lemma wronskian_neg_if_crosses_once:
  assumes "lam1 < lam2" "Y_positive lam1" "defect lam1 = 0" "defect lam2 = 0" "Y_crosses_once lam2 z"
    and x: "lo < x" "x < hi"
  shows "wronskian lam1 lam2 x < 0"
proof -
  have Y1: "Y lam1 t > 0" if "t \<in> I" for t
    using assms(2) that by (simp add: Y_positive_def)
  have z: "lo < z" "z < hi" and before: "\<And>t. lo \<le> t \<Longrightarrow> t < z \<Longrightarrow> Y lam2 t > 0"
    and after: "\<And>t. z < t \<Longrightarrow> t \<le> hi \<Longrightarrow> Y lam2 t < 0"
    using assms(5) by (auto simp: Y_crosses_once_def)
  show ?thesis
  proof (cases "x \<le> z")
    case True
    have "wronskian lam2 lam1 lo < wronskian lam2 lam1 x"
    proof (rule wronskian_less)
      fix t assume "lo < t" "t < x"
      then have "Y lam2 t > 0" "Y lam1 t > 0"
        using before Y1 True x by auto
      then show "(lam2 - lam1) * Y lam2 t * Y lam1 t > 0"
        using assms(1) by simp
    qed (use x in auto)
    then show ?thesis
      by (simp add: wronskian_lo wronskian_swap[of lam2])
  next
    case False
    have "wronskian lam1 lam2 x < wronskian lam1 lam2 hi"
    proof (rule wronskian_less)
      fix t assume "x < t" "t < hi"
      then have "Y lam1 t > 0" "Y lam2 t < 0"
        using after Y1 False x by auto
      then show "(lam1 - lam2) * Y lam1 t * Y lam2 t > 0"
        using assms(1) by (simp add: mult_neg_neg mult_neg_pos)
    qed (use x in auto)
    then show ?thesis
      by (simp add: wronskian_hi assms(3,4))
  qed
qed

lemma Y_ratio_antimono:
  assumes "lam1 < lam2" "Y_positive lam1" "defect lam1 = 0" "defect lam2 = 0" "Y_crosses_once lam2 z"
  shows "antimono_on I (\<lambda>x. Y lam2 x / Y lam1 x)"
proof -
  have Y1: "Y lam1 x > 0" if "x \<in> I" for x
    using assms(2) that by (simp add: Y_positive_def)
  have "\<forall>x\<in>I. ((\<lambda>x. - (Y lam2 x / Y lam1 x)) has_real_derivative
      - (wronskian lam1 lam2 x / (Y lam1 x * Y lam1 x))) (at x within I)"
  proof
    fix x assume "x \<in> I"
    have "((\<lambda>x. Y lam2 x / Y lam1 x) has_real_derivative
        (Y' lam2 x * Y lam1 x - Y lam2 x * Y' lam1 x) / (Y lam1 x * Y lam1 x)) (at x within I)"
      using Y1[OF \<open>x \<in> I\<close>] by (intro DERIV_divide Y_has_derivative) auto
    then show "((\<lambda>x. - (Y lam2 x / Y lam1 x)) has_real_derivative
        - (wronskian lam1 lam2 x / (Y lam1 x * Y lam1 x))) (at x within I)"
      by (intro DERIV_minus) (simp add: wronskian_def algebra_simps)
  qed
  then have "- (Y lam2 x / Y lam1 x) \<le> - (Y lam2 y / Y lam1 y)" if "x \<in> I" "y \<in> I" "x \<le> y" for x y
    using that wronskian_neg_if_crosses_once[OF assms] Y1
    by (intro DERIV_within_Icc_nonneg_imp_le[of lo hi "\<lambda>x. - (Y lam2 x / Y lam1 x)"])
      (auto intro!: divide_neg_pos less_imp_le simp: zero_less_mult_iff)
  then show ?thesis
    by (intro monotone_onI) auto
qed

lemma endpoint_squares_increase:
  assumes "lam1 < lam2" and Y1_pos: "Y_positive lam1" and "defect lam1 = 0" "defect lam2 = 0"
    and crosses: "Y_crosses_once lam2 z"
    and u1: "\<And>x. x \<in> I \<Longrightarrow> u1 x = c1 * Y lam1 x" and u2: "\<And>x. x \<in> I \<Longrightarrow> u2 x = c2 * Y lam2 x"
    and "c1 \<noteq> 0"
    and norm: "integral I (\<lambda>x. (u1 x)\<^sup>2) = 1" "integral I (\<lambda>x. (u2 x)\<^sup>2) = 1"
    and moment: "integral I (\<lambda>x. x * ((u2 x)\<^sup>2 - (u1 x)\<^sup>2)) = 0"
  shows "(u2 lo)\<^sup>2 > (u1 lo)\<^sup>2 \<and> (u2 hi)\<^sup>2 > (u1 hi)\<^sup>2"
proof -
  define \<rho> where "\<rho> x = Y lam2 x / Y lam1 x" for x
  define \<phi> where "\<phi> x = c2\<^sup>2 * (\<rho> x)\<^sup>2 - c1\<^sup>2" for x
  have z: "lo < z" "z < hi" "Y lam2 z = 0"
    using crosses by (auto simp: Y_crosses_once_def)
  have Y1: "Y lam1 x > 0" if "x \<in> I" for x
    using Y1_pos that by (simp add: Y_positive_def)
  have factor: "(u2 x)\<^sup>2 - (u1 x)\<^sup>2 = (Y lam1 x)\<^sup>2 * \<phi> x" if "x \<in> I" for x
  proof -
    have "u1 x = c1 * Y lam1 x" "u2 x = c2 * Y lam2 x"
      using that by (simp_all add: u1 u2)
    then show ?thesis
      using Y1[OF that] by (simp add: \<phi>_def \<rho>_def field_simps)
  qed
  have "antimono_on I \<rho>"
    unfolding \<rho>_def using assms(1-4) crosses by (rule Y_ratio_antimono)
  moreover have "\<rho> z = 0"
    using z by (simp add: \<rho>_def)
  ultimately have sq_dec: "antimono_on {lo..z} (\<lambda>x. (\<rho> x)\<^sup>2)" and sq_inc: "mono_on {z..hi} (\<lambda>x. (\<rho> x)\<^sup>2)"
    using square_of_antimono_through_zero[of lo hi \<rho> z] z by auto
  have dec: "antimono_on {lo..z} \<phi>"
  proof (rule monotone_onI)
    fix x y assume "x \<in> {lo..z}" "y \<in> {lo..z}" "x \<le> y"
    then show "\<phi> y \<le> \<phi> x"
      using monotone_onD[OF sq_dec, of x y] by (simp add: \<phi>_def mult_left_mono)
  qed
  have inc: "mono_on {z..hi} \<phi>"
  proof (rule monotone_onI)
    fix x y assume "x \<in> {z..hi}" "y \<in> {z..hi}" "x \<le> y"
    then show "\<phi> x \<le> \<phi> y"
      using monotone_onD[OF sq_inc, of x y] by (simp add: \<phi>_def mult_left_mono)
  qed
  have cont_u1: "continuous_on I u1"
    by (rule continuous_on_eq[of _ "\<lambda>x. c1 * Y lam1 x"]) (auto intro!: continuous_intros continuous_on_Y simp: u1)
  have cont_u2: "continuous_on I u2"
    by (rule continuous_on_eq[of _ "\<lambda>x. c2 * Y lam2 x"]) (auto intro!: continuous_intros continuous_on_Y simp: u2)
  have "integral I (\<lambda>x. (u2 x)\<^sup>2 - (u1 x)\<^sup>2) = integral I (\<lambda>x. (u2 x)\<^sup>2) - integral I (\<lambda>x. (u1 x)\<^sup>2)"
    by (intro integral_diff integrable_continuous_interval continuous_intros cont_u1 cont_u2)
  then have "integral I (\<lambda>x. (u2 x)\<^sup>2 - (u1 x)\<^sup>2) = 0"
    using norm by simp
  moreover have "continuous_on I (\<lambda>x. (u2 x)\<^sup>2 - (u1 x)\<^sup>2)"
    by (intro continuous_intros cont_u1 cont_u2)
  moreover have "continuous_on I \<phi>"
    unfolding \<phi>_def \<rho>_def using Y1 by (intro continuous_intros continuous_on_Y) force
  moreover have "\<phi> z < 0"
    using z \<open>c1 \<noteq> 0\<close> by (simp add: \<phi>_def \<rho>_def)
  moreover have "(Y lam1 x)\<^sup>2 > 0" if "x \<in> I" for x
    using Y1[OF that] by simp
  ultimately have "\<phi> lo > 0 \<and> \<phi> hi > 0"
    using z(1,2) moment factor dec inc
    by (intro vanishing_moments_positive_ends[where l = lo and h = hi and z = z and \<phi> = \<phi>
          and D = "\<lambda>x. (u2 x)\<^sup>2 - (u1 x)\<^sup>2" and w = "\<lambda>x. (Y lam1 x)\<^sup>2"]) auto
  then have "(u2 lo)\<^sup>2 - (u1 lo)\<^sup>2 > 0" "(u2 hi)\<^sup>2 - (u1 hi)\<^sup>2 > 0"
    using factor[OF lo_in_I] factor[OF hi_in_I] Y1[OF lo_in_I] Y1[OF hi_in_I] by simp_all
  then show ?thesis
    by simp
qed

##############################

• **Task goal**
In the data above, which lines have "norm"? Report each of them.

• **Task result**
    and norm: "integral I (\<lambda>x. (u1 x)\<^sup>2) = 1" "integral I (\<lambda>x. (u2 x)\<^sup>2) = 1"
    using norm by simp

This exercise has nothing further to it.